Ambos foi devido a acidentes e com o volume alto de carro, deu no nisso: horas
de atraso. Com isso o plano inicial já foi alterado. Se no primeiro dia eu
queria ter chagado até Montes Claros, no máximo que deu foi um pouco depois de
BH, Contagem eu acho.
Decidimos que não compensava parar em pousada ou hotel após
esse atraso, então o jeito foi procurar um posto pra fazer uma pausa e acordar
bem cedo e seguir viagem no intuito de descontar o tempo não rodado no
primeiro. No segundo dia preferimos parar perto de Monte Azul, ainda estaríamos
há 5 horas de Piatã. Um ponto bom é que as estradas não eram ruins, eu
imaginava que seria uma viagem muito cadenciada, mas não foi. Mesmo que ao
cruzar a fronteira de MG/BA a pista era de uma mão, então eu deveria fazer
ultrapassagens de ônibus e caminhões. Enfim, tudo correu bem tranquilo.

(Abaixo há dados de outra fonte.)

(* Let $\mathcal{A}$ and $\mathcal{B}$ be sharp qubit observables given by unit vectors $\vec a,\vec b\in\mathbb{R}^3$, with a priori probabilities $\eta$ for $\mathcal{A}$ and $1-\eta$ for $\mathcal{B}$, and let $\theta_{\vec a\vec b}$ be the angle between $\vec a$ and $\vec b$. Then the (optimal) success probability of unambiguous identification of $\mathcal{A}$ in two shots is $$P_{\rm succ}=\eta\sin^2\theta_{\vec a\vec b}.$$ That is, the maximum of $\eta\,p^{\mathcal{A}}_\varrho(R)$ over states $\varrho$ on $\mathbb{C}^2\otimes\mathbb{C}^2$ and $R\in\{R_{\rm same},R_{\rm diff}\}$ subject to $p^{\mathcal{B}}_\varrho(R)=0$ equals $\eta\sin^2\theta_{\vec a\vec b}$.
   Context: A sharp qubit observable given by a unit vector $\vec a\in\mathbb{R}^3$ has two outcomes with effects $\mathcal{A}_1=\frac12(I+\vec a\cdot\vec\sigma)$, $\mathcal{A}_2=\frac12(I-\vec a\cdot\vec\sigma)$ on $\mathbb{C}^2$ ($\vec\sigma$ the vector of Pauli matrices); likewise $\mathcal{B}_{1,2}=\frac12(I\pm\vec b\cdot\vec\sigma)$. For a state $\varrho$ on $\mathbb{C}^2\otimes\mathbb{C}^2$, $p^{\mathcal{A}}_\varrho(R_{\rm same})=\mathrm{tr}[\varrho(\mathcal{A}_1\otimes\mathcal{A}_1+\mathcal{A}_2\otimes\mathcal{A}_2)]$ and $p^{\mathcal{A}}_\varrho(R_{\rm diff})=\mathrm{tr}[\varrho(\mathcal{A}_1\otimes\mathcal{A}_2+\mathcal{A}_2\otimes\mathcal{A}_1)]$, similarly for $\mathcal{B}$. Unambiguous identification of $\mathcal{A}$ in two shots: the unknown apparatus (known to be $\mathcal{A}$ or $\mathcal{B}$, outcome labels unknown) is applied to both halves of the probe state; one of the two results ("same" or "different") is declared conclusive for "the apparatus is $\mathcal{A}$", which requires it to have probability zero for $\mathcal{B}$, and the other result is inconclusive. The success probability is $\eta$ times the probability of the conclusive result under $\mathcal{A}$. *)

theory Defs
  imports "HOL-Analysis.Analysis"
begin
lemma ptrans_proj_Psi_p_entry:
  "ptrans (proj Psi_p) $ x $ y = (if fst x \<noteq> snd y \<and> fst y \<noteq> snd x then 1 else 0)"
  by (simp add: ptrans_def proj_def Psi_p_def sqrt2_outer[of 1 1, simplified])

lemma choi_entry: "choi E $ x $ y = E (\<chi> i j. if i = snd x \<and> j = snd y then 1 else 0) $ fst x $ fst y"
  unfolding choi_def map_id_def by (simp add: proj_Phi_p_entry)

lemma choi_phase_cov:
  "choi (phase_cov G L) = ((L + G)/2) *\<^sub>R proj Phi_p + ((1 - G)/2) *\<^sub>R proj Phi_m
     + (1 - (L + G)/2 - (1 - G)/2) *\<^sub>R ptrans (proj Psi_p)"
proof -
  have "\<forall>x y. choi (phase_cov G L) $ x $ y = (((L + G)/2) *\<^sub>R proj Phi_p + ((1 - G)/2) *\<^sub>R proj Phi_m
     + (1 - (L + G)/2 - (1 - G)/2) *\<^sub>R ptrans (proj Psi_p)) $ x $ y"
    unfolding all_2x2
    by (simp add: choi_entry proj_Phi_p_entry proj_Phi_m_entry ptrans_proj_Psi_p_entry phase_cov_def;
        simp add: scaleR_conv_of_real field_simps)
  then show ?thesis by (simp add: vec_eq_iff)
qed

definition bit_flip :: "qmat \<Rightarrow> qmat" where
  "bit_flip Y = (\<chi> i j. Y $ (1 - i) $ (1 - j))"

lemma qlinear_phase_cov: "qlinear (phase_cov G L)"
  unfolding qlinear_def
proof (intro allI conjI; rule matrix_eqI)
  fix a X Y i j
  show "phase_cov G L (X + Y) $ i $ j = (phase_cov G L X + phase_cov G L Y) $ i $ j"
       "phase_cov G L (cscale a X) $ i $ j = cscale a (phase_cov G L X) $ i $ j"
    using two_cases[of i] two_cases[of j] by (auto simp: phase_cov_def cscale_def algebra_simps)
qed

lemma qlinear_bit_flip: "qlinear bit_flip"
  unfolding qlinear_def by (auto intro!: matrix_eqI simp: bit_flip_def cscale_def)

lemma trace_phase_cov: "trace (phase_cov G L X) = trace X"
  by (simp add: trace_def sum_UNIV_2 phase_cov_def; simp add: field_simps flip: of_real_add)

lemma trace_bit_flip: "trace (bit_flip X) = trace X"
  by (simp add: trace_def sum_UNIV_2 bit_flip_def)

lemma quadratic_form_nonneg:
  fixes k x y :: real
  assumes "\<bar>k\<bar> \<le> 1"
  shows "0 \<le> x * x + y * y + 2 * k * x * y"
proof -
  have "\<bar>2 * k * x * y\<bar> \<le> 2 * \<bar>x * y\<bar>"
    using assms by (simp add: abs_mult mult_left_le_one_le mult_le_cancel_right1)
  moreover have "2 * \<bar>x * y\<bar> \<le> x * x + y * y"
    using sum_squares_bound[of "\<bar>x\<bar>" "\<bar>y\<bar>"]
    by (simp add: abs_mult abs_mult_self_eq power2_eq_square mult.assoc)
  ultimately show ?thesis by linarith
qed

lemma psd_choi_phase_cov:
  assumes "\<bar>k\<bar> \<le> 1"
  shows "psd (choi (phase_cov k 1))"
  unfolding psd_def Let_def
proof
  fix v :: "complex^(2\<times>2)"
  define a where "a = v $ (0,0)"
  define b where "b = v $ (1,1)"
  have form: "(\<Sum>i\<in>UNIV. \<Sum>j\<in>UNIV. cnj (v $ i) * choi (phase_cov k 1) $ i $ j * v $ j)
     = cnj a * a + cnj b * b + of_real k * (cnj a * b + cnj b * a)"
    unfolding a_def b_def
    by (simp add: sum_UNIV_2x2 choi_entry phase_cov_def; simp add: algebra_simps)
  have "0 \<le> Re a * Re a + Re b * Re b + 2 * k * Re a * Re b"
       "0 \<le> Im a * Im a + Im b * Im b + 2 * k * Im a * Im b"
    using assms by (simp_all add: quadratic_form_nonneg)
  then show "Im (\<Sum>i\<in>UNIV. \<Sum>j\<in>UNIV. cnj (v $ i) * choi (phase_cov k 1) $ i $ j * v $ j) = 0 \<and>
          0 \<le> Re (\<Sum>i\<in>UNIV. \<Sum>j\<in>UNIV. cnj (v $ i) * choi (phase_cov k 1) $ i $ j * v $ j)"
    unfolding form by (simp add: algebra_simps)
qed

lemma psd_choi_bit_flip: "psd (choi bit_flip)"
  unfolding psd_def Let_def
proof
  fix v :: "complex^(2\<times>2)"
  define w where "w = v $ (0,1) + v $ (1,0)"
  have "(\<Sum>i\<in>UNIV. \<Sum>j\<in>UNIV. cnj (v $ i) * choi bit_flip $ i $ j * v $ j) = cnj w * w"
    unfolding w_def by (simp add: sum_UNIV_2x2 choi_entry bit_flip_def; simp add: algebra_simps)
  then show "Im (\<Sum>i\<in>UNIV. \<Sum>j\<in>UNIV. cnj (v $ i) * choi bit_flip $ i $ j * v $ j) = 0 \<and>
          0 \<le> Re (\<Sum>i\<in>UNIV. \<Sum>j\<in>UNIV. cnj (v $ i) * choi bit_flip $ i $ j * v $ j)"
    by simp
qed

lemma CPTP_phase_cov: "\<bar>k\<bar> \<le> 1 \<Longrightarrow> CPTP (phase_cov k 1)"
  unfolding CPTP_def using qlinear_phase_cov psd_choi_phase_cov trace_phase_cov by blast

lemma CPTP_bit_flip: "CPTP bit_flip"
  unfolding CPTP_def using qlinear_bit_flip psd_choi_bit_flip trace_bit_flip by blast

lemma phase_cov_eq_convex_transpose:
  assumes "L \<noteq> -1"
  shows "phase_cov G L X =
    ((1 + L)/2) *\<^sub>R phase_cov ((L + 2*G - 1)/(1 + L)) 1 X + (1 - (1 + L)/2) *\<^sub>R bit_flip (transpose X)"
proof -
  define p k where "p = (1 + L)/2" and "k = (L + 2*G - 1)/(1 + L)"
  have "1 + L \<noteq> 0" using assms by linarith
  then have coeff: "p * k + (1 - p) = G"
    unfolding p_def k_def by (simp add: field_simps)
  have off_diag: "of_real G * x = p *\<^sub>R (of_real k * x) + (1 - p) *\<^sub>R x" for x :: complex
  proof -
    have "(p * k + (1 - p)) *\<^sub>R x = p *\<^sub>R (of_real k * x) + (1 - p) *\<^sub>R x"
      by (simp add: scaleR_conv_of_real algebra_simps)
    then show ?thesis unfolding coeff by (simp add: scaleR_conv_of_real)
  qed
  have "phase_cov G L X = p *\<^sub>R phase_cov k 1 X + (1 - p) *\<^sub>R bit_flip (transpose X)"
  proof (rule matrix_eqI)
    fix i j :: 2
    show "phase_cov G L X $ i $ j = (p *\<^sub>R phase_cov k 1 X + (1 - p) *\<^sub>R bit_flip (transpose X)) $ i $ j"
      using two_cases[of i] two_cases[of j]
      by (auto simp: phase_cov_def bit_flip_def transpose_def off_diag;
          simp add: p_def scaleR_conv_of_real field_simps)
  qed
  then show ?thesis unfolding p_def k_def .
qed
(* In the brand-effects model, let the greedy allocation be defined by, for $k=1,\dots,s$ in order, placing in position $k$ the not-yet-placed ad with the highest normalized eCPM for position $k$. Then (i) for every instance, the total expected welfare of the greedy allocation is at least half of the maximum possible total expected welfare; and (ii) this bound is tight: for every $c>\frac12$ there is an instance in which the greedy allocation's total expected welfare is less than $c$ times the maximum possible total expected welfare.
   Context: Brand-effects model: there are $s$ positions and a set of advertisers, each either a brand advertiser or a non-brand advertiser; advertiser $i$ has quality score $q_i \ge 0$ and bid $b_i \ge 0$, and its eCPM bid is $b_i q_i$. Each position $k$ has two quality scores $\beta_k$ and $\eta_k$, both non-increasing in $k$, normalized so $\beta_1=\eta_1=1$. A brand (resp. non-brand) advertiser with quality $q$ shown in position $k$ is clicked with probability $\beta_k q$ (resp. $\eta_k q$). An allocation places distinct advertisers in the positions; its total expected welfare is $\sum_j b_{(j)} p_{(j)}$, where $b_{(j)}$ and $p_{(j)}$ are the bid and click probability of the ad in position $j$. The normalized eCPM of advertiser $i$ for position $k$ is $\beta_k b_i q_i$ if $i$ is a brand advertiser and $\eta_k b_i q_i$ if $i$ is a non-brand advertiser. *)

theory Defs
  imports Main "HOL-Library.Library"
begin

text \<open>An instance of the brand-effects model. Positions are indexed 0..<npos
  (position k here is position k+1 of the paper); advertisers are indexed 0..<nadv.\<close>
record inst =
  npos  :: nat
  nadv  :: nat
  brand :: "nat \<Rightarrow> bool"
  qual  :: "nat \<Rightarrow> real"
  bid   :: "nat \<Rightarrow> real"
  beta  :: "nat \<Rightarrow> real"
  eta   :: "nat \<Rightarrow> real"

definition valid_inst :: "inst \<Rightarrow> bool" where
  "valid_inst I \<longleftrightarrow>
     (\<forall>i < nadv I. 0 \<le> qual I i \<and> 0 \<le> bid I i) \<and>
     beta I 0 = 1 \<and> eta I 0 = 1 \<and>
     (\<forall>j k. j \<le> k \<and> k < npos I \<longrightarrow> beta I k \<le> beta I j \<and> eta I k \<le> eta I j) \<and>
     (\<forall>k < npos I. 0 \<le> beta I k \<and> 0 \<le> eta I k)"

definition click_prob :: "inst \<Rightarrow> nat \<Rightarrow> nat \<Rightarrow> real" where
  "click_prob I k i = (if brand I i then beta I k else eta I k) * qual I i"

definition norm_ecpm :: "inst \<Rightarrow> nat \<Rightarrow> nat \<Rightarrow> real" where
  "norm_ecpm I k i = (if brand I i then beta I k else eta I k) * (bid I i * qual I i)"

definition allocations :: "inst \<Rightarrow> (nat \<Rightarrow> nat option) set" where
  "allocations I = {f. (\<forall>k. npos I \<le> k \<longrightarrow> f k = None) \<and>
                       (\<forall>k i. f k = Some i \<longrightarrow> i < nadv I) \<and>
                       (\<forall>k k' i. f k = Some i \<and> f k' = Some i \<longrightarrow> k = k')}"

definition welfare :: "inst \<Rightarrow> (nat \<Rightarrow> nat option) \<Rightarrow> real" where
  "welfare I f = (\<Sum>k<npos I. case f k of None \<Rightarrow> 0 | Some i \<Rightarrow> bid I i * click_prob I k i)"

definition opt_welfare :: "inst \<Rightarrow> real" where
  "opt_welfare I = Max (welfare I ` allocations I)"

definition remaining :: "inst \<Rightarrow> (nat \<Rightarrow> nat option) \<Rightarrow> nat \<Rightarrow> nat set" where
  "remaining I g k = {i. i < nadv I \<and> (\<forall>j<k. g j \<noteq> Some i)}"
lemma relpowp_adj_commute: "(adj F ^^ n) p q \<Longrightarrow> (adj F ^^ n) q p"
proof (induction n arbitrary: q)
  case (Suc n)
  then obtain y where "(adj F ^^ n) p y" "adj F y q" by (meson relpowp_Suc_E)
  then show ?case using Suc.IH adj_commute relpowp_Suc_I2 by metis
qed simp

lemma dist_commute: "dist F p q = dist F q p"
  unfolding dist_def using relpowp_adj_commute by metis

lemma relpowp_dist: "(adj F)\<^sup>*\<^sup>* p q \<Longrightarrow> (adj F ^^ dist F p q) p q"
  unfolding dist_def rtranclp_power by (elim exE) (rule LeastI)

lemma dist_le: "(adj F ^^ n) p q \<Longrightarrow> dist F p q \<le> n"
  unfolding dist_def by (rule Least_le)

lemma relpowp_adj_avoids_edge_or_shorter:
  assumes "(adj F ^^ n) p q"
  shows "(adj (F - {{p, r}}))\<^sup>*\<^sup>* p q \<or> (\<exists>m<n. (adj F ^^ m) r q)"
  using assms
proof (induction n arbitrary: q)
  case (Suc n)
  then obtain y where y: "(adj F ^^ n) p y" "adj F y q" by (meson relpowp_Suc_E)
  from Suc.IH[OF y(1)] show ?case
  proof
    assume py: "(adj (F - {{p, r}}))\<^sup>*\<^sup>* p y"
    show ?thesis
    proof (cases "{y, q} = {p, r}")
      case True
      then have "q = p \<or> q = r" by (metis doubleton_eq_iff)
      then show ?thesis by auto
    next
      case False
      then have "adj (F - {{p, r}}) y q" using y(2) by (simp add: adj_def)
      then show ?thesis using py by (meson rtranclp.rtrancl_into_rtrancl)
    qed
  next
    assume "\<exists>m<n. (adj F ^^ m) r y"
    then obtain m where "m < n" "(adj F ^^ m) r y" by blast
    then have "(adj F ^^ Suc m) r q" using y(2) by auto
    then show ?thesis using \<open>m < n\<close> by (metis Suc_less_eq)
  qed
qed simp

lemma relpowp_imp_distinct_walk:
  "(R ^^ n) p q \<Longrightarrow> \<exists>vs. vs \<noteq> [] \<and> hd vs = p \<and> last vs = q \<and> distinct vs \<and>
     (\<forall>i. Suc i < length vs \<longrightarrow> R (vs ! i) (vs ! Suc i))"
proof (induction n arbitrary: q)
  case 0
  then show ?case by (intro exI[of _ "[p]"]) auto
next
  case (Suc n)
  then obtain y where y: "(R ^^ n) p y" "R y q" by (meson relpowp_Suc_E)
  from Suc.IH[OF y(1)] obtain vs where vs: "vs \<noteq> []" "hd vs = p" "last vs = y" "distinct vs"
     "\<forall>i. Suc i < length vs \<longrightarrow> R (vs ! i) (vs ! Suc i)" by blast
  show ?case
  proof (cases "q \<in> set vs")
    case True
    then obtain k where k: "k < length vs" "vs ! k = q" by (meson in_set_conv_nth)
    show ?thesis
      using vs k by (intro exI[of _ "take (Suc k) vs"])
        (auto simp: hd_take last_conv_nth min_def intro: arg_cong[where f="(!) vs"])
  next
    case False
    have "R ((vs @ [q]) ! i) ((vs @ [q]) ! Suc i)" if i: "Suc i < length (vs @ [q])" for i
    proof (cases "Suc i < length vs")
      case True
      then show ?thesis using vs by (simp add: nth_append)
    next
      case False
      then have "i = length vs - 1" using i by simp
      then show ?thesis using vs y(2) False i by (simp add: nth_append last_conv_nth)
    qed
    then show ?thesis using vs False by (intro exI[of _ "vs @ [q]"]) auto
  qed
qed

lemma acyclic_edge_removal_disconnects:
  assumes ac: "acyclic_graph F" and f: "{p, r} \<in> F" and ne: "p \<noteq> r"
  shows "\<not> (adj (F - {{p, r}}))\<^sup>*\<^sup>* p r"
proof
  assume "(adj (F - {{p, r}}))\<^sup>*\<^sup>* p r"
  then obtain n where "(adj (F - {{p, r}}) ^^ n) p r" by (meson rtranclp_power)
  from relpowp_imp_distinct_walk[OF this] obtain vs where
    vs: "vs \<noteq> []" "hd vs = p" "last vs = r" "distinct vs"
      "\<forall>i. Suc i < length vs \<longrightarrow> adj (F - {{p, r}}) (vs ! i) (vs ! Suc i)" by blast
  have first: "vs ! 0 = p" using vs by (simp add: hd_conv_nth)
  have final: "vs ! (length vs - 1) = r" using vs by (simp add: last_conv_nth)
  have "length vs \<noteq> 1" using first final ne by auto
  moreover have "length vs \<noteq> 2"
  proof
    assume "length vs = 2"
    then have "adj (F - {{p, r}}) (vs ! 0) (vs ! 1)" using vs(5) by auto
    then show False using first final \<open>length vs = 2\<close> by (simp add: adj_def)
  qed
  moreover have "length vs \<noteq> 0" using vs(1) by simp
  ultimately have len: "length vs \<ge> 3" by presburger
  \<comment> \<open>the walk closes into a cycle through the removed edge \<open>{r, p}\<close>\<close>
  have "{vs ! i, vs ! ((i + 1) mod length vs)} \<in> F" if i: "i < length vs" for i
  proof (cases "Suc i < length vs")
    case True
    then show ?thesis using vs(5) by (auto simp: adj_def)
  next
    case False
    then have "length vs = Suc i" using i by simp
    then show ?thesis using first final f by (simp add: insert_commute)
  qed
  then show False using ac len vs(4) unfolding acyclic_graph_def by blast
qed
(* Let $f\colon\mathcal P_0\to\mathcal P_1$ and $g\colon\mathcal P_1\to\mathcal P_2$ be morphisms of models for manifolds with corners. Then for every object $p$ of $\mathcal P_0$ there is a natural bijection $$Q_{g\circ f}(p)\;\cong\;Q_f(p)\,\amalg\,Q_g(f(p)).$$
   Context: A category $\mathcal P$ equipped with a functor $\operatorname{codim}\colon \mathcal P\to\mathbb N$ is a \emph{model for manifolds with corners} if for every object $p$ the overcategory $\mathcal P^p$ (arrows with target $p$) is isomorphic to the power set of $\{1,\dots,\operatorname{codim} p\}$ ordered by inclusion. Write $Q_{\mathcal P}(p)$ for the set of minimal elements of $\mathcal P^p$ other than its initial object. A \emph{morphism of models} $f\colon\mathcal P_0\to\mathcal P_1$ is a functor which is an embedding (injective on objects and arrows), preserves codimension up to an overall constant shift, and, for every arrow $\alpha$ of $\mathcal P_0$, induces a bijection between factorisations of $\alpha$ in $\mathcal P_0$ and factorisations of $f(\alpha)$ in $\mathcal P_1$. For an object $p$ of $\mathcal P_0$, let $p_0$ be the unique minimal element of $\mathcal P_0$ admitting an arrow to $p$ (the source of the initial object of $\mathcal P_0^p$), and define $Q_f(p)=Q_{\mathcal P_1}(f(p_0))$. *)

theory Defs
  imports Main
begin

record ('o, 'a) cat =
  Obj  :: "'o set"
  Arr  :: "'a set"
  Dom  :: "'a \<Rightarrow> 'o"
  Cod  :: "'a \<Rightarrow> 'o"
  Id   :: "'o \<Rightarrow> 'a"
  Comp :: "'a \<Rightarrow> 'a \<Rightarrow> 'a"   (* Comp C g f = g \<circ> f, defined when Cod f = Dom g *)

definition category :: "('o, 'a) cat \<Rightarrow> bool" where
  "category C \<longleftrightarrow>
     (\<forall>f\<in>Arr C. Dom C f \<in> Obj C \<and> Cod C f \<in> Obj C) \<and>
     (\<forall>x\<in>Obj C. Id C x \<in> Arr C \<and> Dom C (Id C x) = x \<and> Cod C (Id C x) = x) \<and>
     (\<forall>f\<in>Arr C. \<forall>g\<in>Arr C. Cod C f = Dom C g \<longrightarrow>
        Comp C g f \<in> Arr C \<and> Dom C (Comp C g f) = Dom C f \<and> Cod C (Comp C g f) = Cod C g) \<and>
     (\<forall>f\<in>Arr C. Comp C (Id C (Cod C f)) f = f \<and> Comp C f (Id C (Dom C f)) = f) \<and>
     (\<forall>f\<in>Arr C. \<forall>g\<in>Arr C. \<forall>h\<in>Arr C. Cod C f = Dom C g \<longrightarrow> Cod C g = Dom C h \<longrightarrow>
        Comp C h (Comp C g f) = Comp C (Comp C h g) f)"

definition over :: "('o, 'a) cat \<Rightarrow> 'o \<Rightarrow> 'a set" where
  "over C p = {a \<in> Arr C. Cod C a = p}"

definition over_hom :: "('o, 'a) cat \<Rightarrow> 'a \<Rightarrow> 'a \<Rightarrow> 'a set" where
  "over_hom C a b = {c \<in> Arr C. Dom C c = Dom C a \<and> Cod C c = Dom C b \<and> Comp C b c = a}"

definition le_over :: "('o, 'a) cat \<Rightarrow> 'a \<Rightarrow> 'a \<Rightarrow> bool" where
  "le_over C a b \<longleftrightarrow> over_hom C a b \<noteq> {}"

text \<open>Model for manifolds with corners: for each object p, the overcategory C^p is
  isomorphic (as a category) to the poset Pow {1..codim p} under inclusion, i.e. there is a
  bijection on objects, hom sets have exactly one element when the images are included and
  are empty otherwise. codim is a functor to (nat, \<le>); this is in fact forced by the
  isomorphism condition.\<close>

definition model :: "('o, 'a) cat \<Rightarrow> ('o \<Rightarrow> nat) \<Rightarrow> bool" where
  "model C codim \<longleftrightarrow> category C \<and>
     (\<forall>f\<in>Arr C. codim (Dom C f) \<le> codim (Cod C f)) \<and>
     (\<forall>p\<in>Obj C. \<exists>\<phi>. bij_betw \<phi> (over C p) (Pow {1..codim p}) \<and>
        (\<forall>a\<in>over C p. \<forall>b\<in>over C p.
           (over_hom C a b \<noteq> {} \<longleftrightarrow> \<phi> a \<subseteq> \<phi> b) \<and>
           (\<forall>x\<in>over_hom C a b. \<forall>y\<in>over_hom C a b. x = y)))"

definition is_initial :: "('o, 'a) cat \<Rightarrow> 'o \<Rightarrow> 'a \<Rightarrow> bool" where
  "is_initial C p a \<longleftrightarrow> a \<in> over C p \<and> (\<forall>b\<in>over C p. \<exists>!c. c \<in> over_hom C a b)"

definition init_arr :: "('o, 'a) cat \<Rightarrow> 'o \<Rightarrow> 'a" where
  "init_arr C p = (THE a. is_initial C p a)"

definition base :: "('o, 'a) cat \<Rightarrow> 'o \<Rightarrow> 'o" where
  "base C p = Dom C (init_arr C p)"

definition Q :: "('o, 'a) cat \<Rightarrow> 'o \<Rightarrow> 'a set" where
  "Q C p = {a \<in> over C p. \<not> is_initial C p a \<and>
             (\<forall>b\<in>over C p. \<not> is_initial C p b \<longrightarrow> le_over C b a \<longrightarrow> b = a)}"

definition factorizations :: "('o, 'a) cat \<Rightarrow> 'a \<Rightarrow> ('a \<times> 'a) set" where
  "factorizations C f = {(g, h). g \<in> Arr C \<and> h \<in> Arr C \<and> Dom C g = Cod C h \<and> Comp C g h = f}"

definition is_functor :: "('o, 'a) cat \<Rightarrow> ('p, 'b) cat \<Rightarrow> ('o \<Rightarrow> 'p) \<Rightarrow> ('a \<Rightarrow> 'b) \<Rightarrow> bool" where
  "is_functor C D F A \<longleftrightarrow>
     F ` Obj C \<subseteq> Obj D \<and> A ` Arr C \<subseteq> Arr D \<and>
     (\<forall>f\<in>Arr C. Dom D (A f) = F (Dom C f) \<and> Cod D (A f) = F (Cod C f)) \<and>
     (\<forall>x\<in>Obj C. A (Id C x) = Id D (F x)) \<and>
     (\<forall>f\<in>Arr C. \<forall>g\<in>Arr C. Cod C f = Dom C g \<longrightarrow> A (Comp C g f) = Comp D (A g) (A f))"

Destaque imenso pra serra do espinhado em boa parte da viagem, algumas
montanhas inclusive já pesquisei pois um dia quem sabe – Serra Nova, Serra
Talhada, etc.
Assim sendo, no dia 23/12 eu já estava partindo pra um rolê de cachoeiras, só pra aquecer rs. Com isso, de carro mesmo, decidi ir pra Cachoeira do Cochó e depois pra Cachoeira do Patrício.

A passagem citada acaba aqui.